An der hintersten Achse des Wagens sind zwei Hebel angebracht, von denen man einen
bei G sieht. Der Kopf des Bolzens oder der Luͤnse
ist so gebaut, daß er den Stuͤzpunkt fuͤr einen anderen großen Hebel
B bildet, der den zwei kleineren Hebeln G, G gleichkommt; man sieht ihn bei C durch punktirte Linien angedeutet. Das Parallelogramm,
welches ihn verbirgt, ist das Ende des einen der Magazine, worin die Munition
fuͤr die Kanone O, womit den
Schiffbruͤchigen Taue zugeworfen werden, enthalten ist. Das Boot ist mittelst dieser Hebel an dem
Wagen aufgehaͤngt; und die Hebel sind so berechnet, daß das Boot gehoben
werden kann, wenn an jedem der kleinen Hebel ein, und an jedem der großen Hebel zwei
Mann arbeiten. Die Enden werden von dem Taue F und dem
Ringbolzen d festgehalten; b
und a sind Schlingen, die an dem Boote befestigt sind.
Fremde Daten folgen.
(* Let $P$ be a finite poset and $f\colon\mathcal{J}(P)\to\mathbb{R}$ a real-valued statistic such that $f\equiv^q c(q)$ for some $c(q)\in\mathbb{R}(q)$. Then for any positive integers $r,s$ and any cyclic permutation $\theta$ of $\mathbf{F}_0\cup\mathbf{F}_1$, the statistic $f\colon\mathcal{J}_{r,s}(P)\to\mathbb{R}$ is $c(r/s)$-mesic under the $q$-rowmotion operator $\rho\colon\mathcal{J}_{r,s}(P)\to\mathcal{J}_{r,s}(P)$.
   Context: $\mathcal{J}(P)$ is the set of order ideals of $P$. For $p\in P$, $I\in\mathcal{J}(P)$: $T_p^+(I)=1$ if $p$ is minimal in $P\setminus I$, else $0$; $T_p^-(I)=1$ if $p$ is maximal in $I$, else $0$; $T_p^q=T_p^+-qT_p^-$ with $q$ an indeterminate. For $f,g\colon\mathcal{J}(P)\to\mathbb{R}(q)$, $f\equiv^q g$ means $f-g=\sum_{p\in P}c_p(q)T_p^q$ for some $c_p(q)\in\mathbb{R}(q)$; an element of $\mathbb{R}(q)$ denotes the corresponding constant function. $\mathbf{F}_0,\mathbf{F}_1$ are disjoint sets of sizes $s$ and $r$; $\theta$ is a single $(r+s)$-cycle on $\mathbf{F}_0\cup\mathbf{F}_1$. $\mathcal{J}_{r,s}(P)$ is the set of labelings $L\colon P\to\mathbf{F}_0\cup\mathbf{F}_1$ with $L^{-1}(\mathbf{F}_0)$ an order ideal. $x$ is active in $L$ if it is maximal in $L^{-1}(\mathbf{F}_0)$ or minimal in $L^{-1}(\mathbf{F}_1)$; the toggle $\tau_p$ replaces $L(p)$ by $\theta(L(p))$ if $p$ is active and otherwise does nothing; $\rho=\tau_{p_1}\circ\cdots\circ\tau_{p_n}$ for a linear extension $p_1,\dots,p_n$ of $P$. A statistic $g$ on $\mathcal{J}(P)$ is viewed on $\mathcal{J}_{r,s}(P)$ via $g(L)=g(L^{-1}(\mathbf{F}_0))$. A statistic is $c$-mesic if its average over every orbit equals $c$. *)

theory Defs
  imports Main "HOL-Computational_Algebra.Polynomial" "HOL-Computational_Algebra.Fraction_Field"
begin

text \<open>The poset P is a finite type 'a with its order. Order ideals of P.\<close>
definition order_ideals :: "('a::order) set set" where
  "order_ideals = {I. \<forall>x y. x \<le> y \<longrightarrow> y \<in> I \<longrightarrow> x \<in> I}"

text \<open>Rational functions R(q) are "real poly fract"; q is the indeterminate.\<close>
definition qvar :: "real poly fract" where
  "qvar = Fract [:0, 1:] 1"
lemma cls_inj_on_natle_below:
  fixes \<rho> :: "('a::semigroup_mult \<times> 'a) set"
  assumes li: "locally_inverse TYPE('a)" and ic: "inverse_congruence \<rho>"
    and cs: "\<forall>\<alpha>\<in>Tset \<rho>. tmult \<rho> \<alpha> \<alpha> = \<alpha> \<longrightarrow> completely_simple_on \<alpha>"
  shows "inj_on (cls \<rho>) {t. natle t s}"
proof (rule inj_onI)
  fix t u assume "t \<in> {t. natle t s}" "u \<in> {t. natle t s}" and tu: "cls \<rho> t = cls \<rho> u"
  then have t: "natle t s" and u: "natle u s" by simp_all
  have c: "congruence \<rho>" using ic unfolding inverse_congruence_def by blast
  have reg: "regular_sg TYPE('a)" using li unfolding locally_inverse_def by blast
  obtain s' where s: "s * s' * s = s" "s' * s * s' = s'" using reg by (rule regular_sg_mutual_inverse)
  obtain h where h: "h * h = h" "s * s' * h = h" "h * (s * s') = h" and th: "t = h * s"
    using natle_factor[OF t s] .
  obtain k where k: "k * k = k" "s * s' * k = k" "k * (s * s') = k" and uk: "u = k * s"
    using natle_factor[OF u s] .
  have "h = t * s'" "k = u * s'" using h(3) th k(3) uk by (simp_all add: mult.assoc)
  then have hk: "cls \<rho> h = cls \<rho> k" using cls_mult_cong[OF c tu refl] by simp
  have "s * s' * (s * s') = s * s'" using s(1) by (metis mult.assoc)
  then have comm: "h * k = k * h"
    using locally_inverse_local_idem_commute[OF li _ h(1,2) _ k(1,2)] h(3) k(3) by simp
  have "tmult \<rho> (cls \<rho> h) (cls \<rho> h) = cls \<rho> h" using h(1) by (simp add: tmult_cls[OF c])
  then have "completely_simple_on (cls \<rho> h)" using cs cls_in_Tset by blast
  moreover have "h \<in> cls \<rho> h" "k \<in> cls \<rho> h" using hk mem_cls_iff[OF c] by simp_all
  ultimately have "h = k" using completely_simple_on_commuting_idem_eq h(1) k(1) comm by blast
  then show "t = u" using th uk by simp
qed

lemma stable_arrow_below_exists:
  fixes \<rho> :: "('a::semigroup_mult \<times> 'a) set"
  assumes li: "locally_inverse TYPE('a)" and ic: "inverse_congruence \<rho>"
    and cs: "\<forall>\<alpha>\<in>Tset \<rho>. tmult \<rho> \<alpha> \<alpha> = \<alpha> \<longrightarrow> completely_simple_on \<alpha>"
    and a: "is_arrow \<rho> (\<alpha>, s, \<beta>)"
  obtains t where "natle t s" "is_arrow \<rho> (\<alpha>, t, \<beta>)" "stable_arrow \<rho> (\<alpha>, t, \<beta>)"
proof -
  have c: "congruence \<rho>" using ic unfolding inverse_congruence_def by blast
  have reg: "regular_sg TYPE('a)" using li unfolding locally_inverse_def by blast
  obtain p where \<alpha>: "\<alpha> = cls \<rho> p"
    using a unfolding is_arrow_def by (auto elim: Tset_cases)
  obtain s' where s: "s * s' * s = s" "s' * s * s' = s'" using reg by (rule regular_sg_mutual_inverse)
  obtain p' where p: "p * p' * p = p" "p' * p * p' = p'" using reg by (rule regular_sg_mutual_inverse)
  have \<beta>: "\<beta> = cls \<rho> (p * s)" and pg: "cls \<rho> (p * (s * s')) = cls \<rho> p"
    using a is_arrow_cls_iff[OF ic s] unfolding \<alpha> by (simp_all add: mult.assoc)
  have "p' * p * (p' * p) = p' * p" using p(1) by (metis mult.assoc)
  then have "tmult \<rho> (cls \<rho> (p' * p)) (cls \<rho> (p' * p)) = cls \<rho> (p' * p)"
    by (simp add: tmult_cls[OF c])
  then have "completely_simple_on (cls \<rho> (p' * p))" using cs cls_in_Tset by blast
  then obtain f where "f \<in> cls \<rho> (p' * p)" and f: "f * f = f"
    unfolding completely_simple_on_def idem_def by blast
  then have cf: "cls \<rho> f = cls \<rho> (p' * p)" using mem_cls_iff[OF c] by blast
  have fg: "cls \<rho> (f * (s * s')) = cls \<rho> f"
    using cls_mult_cong[OF c cf refl, of "s * s'"] cls_mult_cong[OF c refl pg, of p'] cf
    by (simp add: mult.assoc)
  have g: "s * s' * (s * s') = s * s'" using s(1) by (metis mult.assoc)
  obtain h where h: "h * h = h" "s * s' * h = h" "h * (s * s') = h" and "cls \<rho> h = cls \<rho> f"
    using idem_below_in_cls[OF li ic g f fg] .
  with cf have ch: "cls \<rho> h = cls \<rho> (p' * p)" by simp
  have hh: "h * (h * z) = h * z" and hg: "h * (s * (s' * z)) = h * z" for z
    using h by (metis mult.assoc)+
  have t: "h * s * (s' * h) * (h * s) = h * s" "s' * h * (h * s) * (s' * h) = s' * h"
    by (simp_all add: mult.assoc hh hg h(1))
  have cp: "cls \<rho> (p * h) = cls \<rho> p"
    using cls_mult_cong[OF c refl ch, of p] p(1) by (simp add: mult.assoc)
  show ?thesis
  proof
    show "natle (h * s) s" using natle_idem_mult h(1,2) .
    have "cls \<rho> (p * (h * s)) = cls \<rho> (p * s)"
      using cls_mult_cong[OF c cp refl, of s] by (simp add: mult.assoc)
    moreover have "cls \<rho> (p * (h * s) * (s' * h)) = cls \<rho> p"
      using cp by (simp add: mult.assoc hg h(1))
    ultimately show "is_arrow \<rho> (\<alpha>, h * s, \<beta>)"
      unfolding \<alpha> \<beta> is_arrow_cls_iff[OF ic t] by (simp add: mult.assoc)
    show "stable_arrow \<rho> (\<alpha>, h * s, \<beta>)"
      using cls_mult_cong[OF c ch refl, of s] tinv_cls[OF ic p]
      unfolding stable_arrow_def \<alpha> \<beta> by (simp add: tmult_cls[OF c] mult.assoc)
  qed
qed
Eine noch vollkommenere Idee von der Einrichtung des Wagens erhaͤlt man aus
Fig.
8.
Der Apparat wild auf folgende Weise gehandhabt. Um das Boot an dem Wagen zu
befestigen, fuͤhrt man lezteren so, daß er uͤber ersteren zu stehen
kommt; worauf man dann die an den Seiten und an dem Hintertheile des Bootes
befindlichen Schlingen in die Hebel einhakt, die hierauf herab gedruͤkt und
festgemacht werden. Diese ganze Operation ist in ein Paar Minuten geschehen. Die
Kanone laͤßt sich anwenden, indem man den Bogen oder die Luͤnse C auszieht; dadurch wird die Stange E von der vorderen Achse frei gemacht, so daß man ihr
Ende auf den Boden herab senken kann, damit auf diese Weise der Ruͤklauf
verhindert werde. In dieser Stellung kann man dann eine Leine abfeuern, womit
zwischen dem Schiffe und dem Ufer eine Communication hergestellt wird, und zwar,
wenn die Entfernung groß ist, mittelst des Rettungsbootes, und im Falle einer
bedeutenden Brandung mittelst des Katamarans, der volle Sicherheit
gewaͤhrt.
Gesezt man sieht an irgend einer Kuͤste ein Schiff in Gefahr, so bringt man
den Wagen mit allem Zugehoͤr so schnell als moͤglich an Ort und
Stelle, und scheitert das Schiff wirklich, so macht man das Boot vom Wagen los,
schleudert mit der Kanone ein Seil aus, und rettet dann mit Huͤlfe des
Katamarans die Mannschaft, bevor das Fahrzeug noch in Stuͤke zerschellt ist.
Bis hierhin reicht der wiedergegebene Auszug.